Supplied material:

-.-.-

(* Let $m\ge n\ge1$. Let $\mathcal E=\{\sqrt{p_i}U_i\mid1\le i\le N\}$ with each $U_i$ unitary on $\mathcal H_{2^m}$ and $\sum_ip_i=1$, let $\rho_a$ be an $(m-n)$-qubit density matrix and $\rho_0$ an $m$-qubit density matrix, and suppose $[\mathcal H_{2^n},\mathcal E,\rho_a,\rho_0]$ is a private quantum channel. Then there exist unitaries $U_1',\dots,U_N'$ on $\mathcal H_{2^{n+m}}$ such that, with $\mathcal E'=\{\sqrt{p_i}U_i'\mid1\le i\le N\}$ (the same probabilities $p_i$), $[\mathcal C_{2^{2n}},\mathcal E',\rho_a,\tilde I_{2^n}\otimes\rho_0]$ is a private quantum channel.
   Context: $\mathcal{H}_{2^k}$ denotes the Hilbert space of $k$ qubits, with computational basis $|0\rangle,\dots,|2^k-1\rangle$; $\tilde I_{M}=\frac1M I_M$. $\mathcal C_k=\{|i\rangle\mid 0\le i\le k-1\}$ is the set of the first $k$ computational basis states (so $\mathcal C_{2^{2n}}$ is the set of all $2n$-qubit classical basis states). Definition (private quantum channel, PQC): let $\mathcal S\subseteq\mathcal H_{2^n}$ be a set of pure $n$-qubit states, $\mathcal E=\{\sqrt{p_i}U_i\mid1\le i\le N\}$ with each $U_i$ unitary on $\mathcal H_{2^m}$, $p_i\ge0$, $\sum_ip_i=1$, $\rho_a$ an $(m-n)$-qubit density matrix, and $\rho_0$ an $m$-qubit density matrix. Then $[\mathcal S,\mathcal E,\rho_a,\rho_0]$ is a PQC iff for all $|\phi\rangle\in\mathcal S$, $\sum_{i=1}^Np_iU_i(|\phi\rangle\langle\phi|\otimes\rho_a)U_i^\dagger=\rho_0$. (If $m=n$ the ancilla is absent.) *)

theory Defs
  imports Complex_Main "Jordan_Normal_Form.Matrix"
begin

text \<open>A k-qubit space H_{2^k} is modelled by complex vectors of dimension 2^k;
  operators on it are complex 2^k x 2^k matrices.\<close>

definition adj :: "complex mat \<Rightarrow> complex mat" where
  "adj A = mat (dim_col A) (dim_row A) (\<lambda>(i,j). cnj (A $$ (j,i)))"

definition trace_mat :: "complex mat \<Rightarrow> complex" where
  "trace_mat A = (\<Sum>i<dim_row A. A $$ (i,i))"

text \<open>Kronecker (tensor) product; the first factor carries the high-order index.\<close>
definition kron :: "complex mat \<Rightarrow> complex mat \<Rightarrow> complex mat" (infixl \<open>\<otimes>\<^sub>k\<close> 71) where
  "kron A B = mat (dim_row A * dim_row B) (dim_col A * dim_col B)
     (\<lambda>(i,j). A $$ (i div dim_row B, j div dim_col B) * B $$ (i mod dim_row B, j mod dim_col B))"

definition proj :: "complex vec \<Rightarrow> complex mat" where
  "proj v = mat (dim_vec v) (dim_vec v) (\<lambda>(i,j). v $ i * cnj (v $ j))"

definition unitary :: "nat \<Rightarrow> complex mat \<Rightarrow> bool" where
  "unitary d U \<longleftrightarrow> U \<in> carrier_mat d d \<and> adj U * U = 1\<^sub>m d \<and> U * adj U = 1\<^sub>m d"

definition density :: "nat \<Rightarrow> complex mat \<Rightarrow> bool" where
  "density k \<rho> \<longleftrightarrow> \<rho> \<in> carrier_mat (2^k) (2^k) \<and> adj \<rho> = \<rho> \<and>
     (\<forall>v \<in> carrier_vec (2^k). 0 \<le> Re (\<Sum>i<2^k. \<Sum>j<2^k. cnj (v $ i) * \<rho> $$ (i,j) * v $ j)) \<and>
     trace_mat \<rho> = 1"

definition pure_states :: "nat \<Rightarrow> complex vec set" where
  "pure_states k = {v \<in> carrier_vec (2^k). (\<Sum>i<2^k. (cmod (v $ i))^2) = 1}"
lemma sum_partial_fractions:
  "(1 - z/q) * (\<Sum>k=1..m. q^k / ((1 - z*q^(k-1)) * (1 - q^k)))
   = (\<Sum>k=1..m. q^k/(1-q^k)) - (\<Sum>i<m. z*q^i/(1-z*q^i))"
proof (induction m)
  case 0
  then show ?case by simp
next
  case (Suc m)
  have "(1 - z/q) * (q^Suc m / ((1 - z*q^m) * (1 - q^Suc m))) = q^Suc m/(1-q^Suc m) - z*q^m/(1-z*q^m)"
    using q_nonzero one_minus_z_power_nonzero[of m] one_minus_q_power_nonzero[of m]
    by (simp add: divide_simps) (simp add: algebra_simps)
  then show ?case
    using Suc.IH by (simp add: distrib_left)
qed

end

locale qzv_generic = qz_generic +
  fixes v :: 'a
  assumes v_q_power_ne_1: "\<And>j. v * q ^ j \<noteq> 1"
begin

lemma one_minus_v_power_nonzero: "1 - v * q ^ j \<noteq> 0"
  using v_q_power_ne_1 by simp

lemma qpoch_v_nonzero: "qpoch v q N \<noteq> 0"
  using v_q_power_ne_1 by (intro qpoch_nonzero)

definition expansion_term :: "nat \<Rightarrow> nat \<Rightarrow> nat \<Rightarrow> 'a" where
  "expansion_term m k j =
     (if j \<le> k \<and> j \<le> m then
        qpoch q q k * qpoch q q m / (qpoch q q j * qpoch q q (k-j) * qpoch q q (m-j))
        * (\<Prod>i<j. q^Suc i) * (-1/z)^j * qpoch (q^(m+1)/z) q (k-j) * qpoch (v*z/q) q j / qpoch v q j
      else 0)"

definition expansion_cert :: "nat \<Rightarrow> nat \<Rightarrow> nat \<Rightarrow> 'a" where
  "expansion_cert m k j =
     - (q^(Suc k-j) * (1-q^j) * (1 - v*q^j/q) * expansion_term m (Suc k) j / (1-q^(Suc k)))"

-.-.-

Activity:
Could you transcribe every record above exactly as it appears?

Expected answer:
(* Let $m\ge n\ge1$. Let $\mathcal E=\{\sqrt{p_i}U_i\mid1\le i\le N\}$ with each $U_i$ unitary on $\mathcal H_{2^m}$ and $\sum_ip_i=1$, let $\rho_a$ be an $(m-n)$-qubit density matrix and $\rho_0$ an $m$-qubit density matrix, and suppose $[\mathcal H_{2^n},\mathcal E,\rho_a,\rho_0]$ is a private quantum channel. Then there exist unitaries $U_1',\dots,U_N'$ on $\mathcal H_{2^{n+m}}$ such that, with $\mathcal E'=\{\sqrt{p_i}U_i'\mid1\le i\le N\}$ (the same probabilities $p_i$), $[\mathcal C_{2^{2n}},\mathcal E',\rho_a,\tilde I_{2^n}\otimes\rho_0]$ is a private quantum channel.
   Context: $\mathcal{H}_{2^k}$ denotes the Hilbert space of $k$ qubits, with computational basis $|0\rangle,\dots,|2^k-1\rangle$; $\tilde I_{M}=\frac1M I_M$. $\mathcal C_k=\{|i\rangle\mid 0\le i\le k-1\}$ is the set of the first $k$ computational basis states (so $\mathcal C_{2^{2n}}$ is the set of all $2n$-qubit classical basis states). Definition (private quantum channel, PQC): let $\mathcal S\subseteq\mathcal H_{2^n}$ be a set of pure $n$-qubit states, $\mathcal E=\{\sqrt{p_i}U_i\mid1\le i\le N\}$ with each $U_i$ unitary on $\mathcal H_{2^m}$, $p_i\ge0$, $\sum_ip_i=1$, $\rho_a$ an $(m-n)$-qubit density matrix, and $\rho_0$ an $m$-qubit density matrix. Then $[\mathcal S,\mathcal E,\rho_a,\rho_0]$ is a PQC iff for all $|\phi\rangle\in\mathcal S$, $\sum_{i=1}^Np_iU_i(|\phi\rangle\langle\phi|\otimes\rho_a)U_i^\dagger=\rho_0$. (If $m=n$ the ancilla is absent.) *)

theory Defs
  imports Complex_Main "Jordan_Normal_Form.Matrix"
begin

text \<open>A k-qubit space H_{2^k} is modelled by complex vectors of dimension 2^k;
  operators on it are complex 2^k x 2^k matrices.\<close>

definition adj :: "complex mat \<Rightarrow> complex mat" where
  "adj A = mat (dim_col A) (dim_row A) (\<lambda>(i,j). cnj (A $$ (j,i)))"

definition trace_mat :: "complex mat \<Rightarrow> complex" where
  "trace_mat A = (\<Sum>i<dim_row A. A $$ (i,i))"

text \<open>Kronecker (tensor) product; the first factor carries the high-order index.\<close>
definition kron :: "complex mat \<Rightarrow> complex mat \<Rightarrow> complex mat" (infixl \<open>\<otimes>\<^sub>k\<close> 71) where
  "kron A B = mat (dim_row A * dim_row B) (dim_col A * dim_col B)
     (\<lambda>(i,j). A $$ (i div dim_row B, j div dim_col B) * B $$ (i mod dim_row B, j mod dim_col B))"

definition proj :: "complex vec \<Rightarrow> complex mat" where
  "proj v = mat (dim_vec v) (dim_vec v) (\<lambda>(i,j). v $ i * cnj (v $ j))"

definition unitary :: "nat \<Rightarrow> complex mat \<Rightarrow> bool" where
  "unitary d U \<longleftrightarrow> U \<in> carrier_mat d d \<and> adj U * U = 1\<^sub>m d \<and> U * adj U = 1\<^sub>m d"

definition density :: "nat \<Rightarrow> complex mat \<Rightarrow> bool" where
  "density k \<rho> \<longleftrightarrow> \<rho> \<in> carrier_mat (2^k) (2^k) \<and> adj \<rho> = \<rho> \<and>
     (\<forall>v \<in> carrier_vec (2^k). 0 \<le> Re (\<Sum>i<2^k. \<Sum>j<2^k. cnj (v $ i) * \<rho> $$ (i,j) * v $ j)) \<and>
     trace_mat \<rho> = 1"

definition pure_states :: "nat \<Rightarrow> complex vec set" where
  "pure_states k = {v \<in> carrier_vec (2^k). (\<Sum>i<2^k. (cmod (v $ i))^2) = 1}"
lemma sum_partial_fractions:
  "(1 - z/q) * (\<Sum>k=1..m. q^k / ((1 - z*q^(k-1)) * (1 - q^k)))
   = (\<Sum>k=1..m. q^k/(1-q^k)) - (\<Sum>i<m. z*q^i/(1-z*q^i))"
proof (induction m)
  case 0
  then show ?case by simp
next
  case (Suc m)
  have "(1 - z/q) * (q^Suc m / ((1 - z*q^m) * (1 - q^Suc m))) = q^Suc m/(1-q^Suc m) - z*q^m/(1-z*q^m)"
    using q_nonzero one_minus_z_power_nonzero[of m] one_minus_q_power_nonzero[of m]
    by (simp add: divide_simps) (simp add: algebra_simps)
  then show ?case
    using Suc.IH by (simp add: distrib_left)
qed

end

locale qzv_generic = qz_generic +
  fixes v :: 'a
  assumes v_q_power_ne_1: "\<And>j. v * q ^ j \<noteq> 1"
begin

lemma one_minus_v_power_nonzero: "1 - v * q ^ j \<noteq> 0"
  using v_q_power_ne_1 by simp

lemma qpoch_v_nonzero: "qpoch v q N \<noteq> 0"
  using v_q_power_ne_1 by (intro qpoch_nonzero)

definition expansion_term :: "nat \<Rightarrow> nat \<Rightarrow> nat \<Rightarrow> 'a" where
  "expansion_term m k j =
     (if j \<le> k \<and> j \<le> m then
        qpoch q q k * qpoch q q m / (qpoch q q j * qpoch q q (k-j) * qpoch q q (m-j))
        * (\<Prod>i<j. q^Suc i) * (-1/z)^j * qpoch (q^(m+1)/z) q (k-j) * qpoch (v*z/q) q j / qpoch v q j
      else 0)"

definition expansion_cert :: "nat \<Rightarrow> nat \<Rightarrow> nat \<Rightarrow> 'a" where
  "expansion_cert m k j =
     - (q^(Suc k-j) * (1-q^j) * (1 - v*q^j/q) * expansion_term m (Suc k) j / (1-q^(Suc k)))"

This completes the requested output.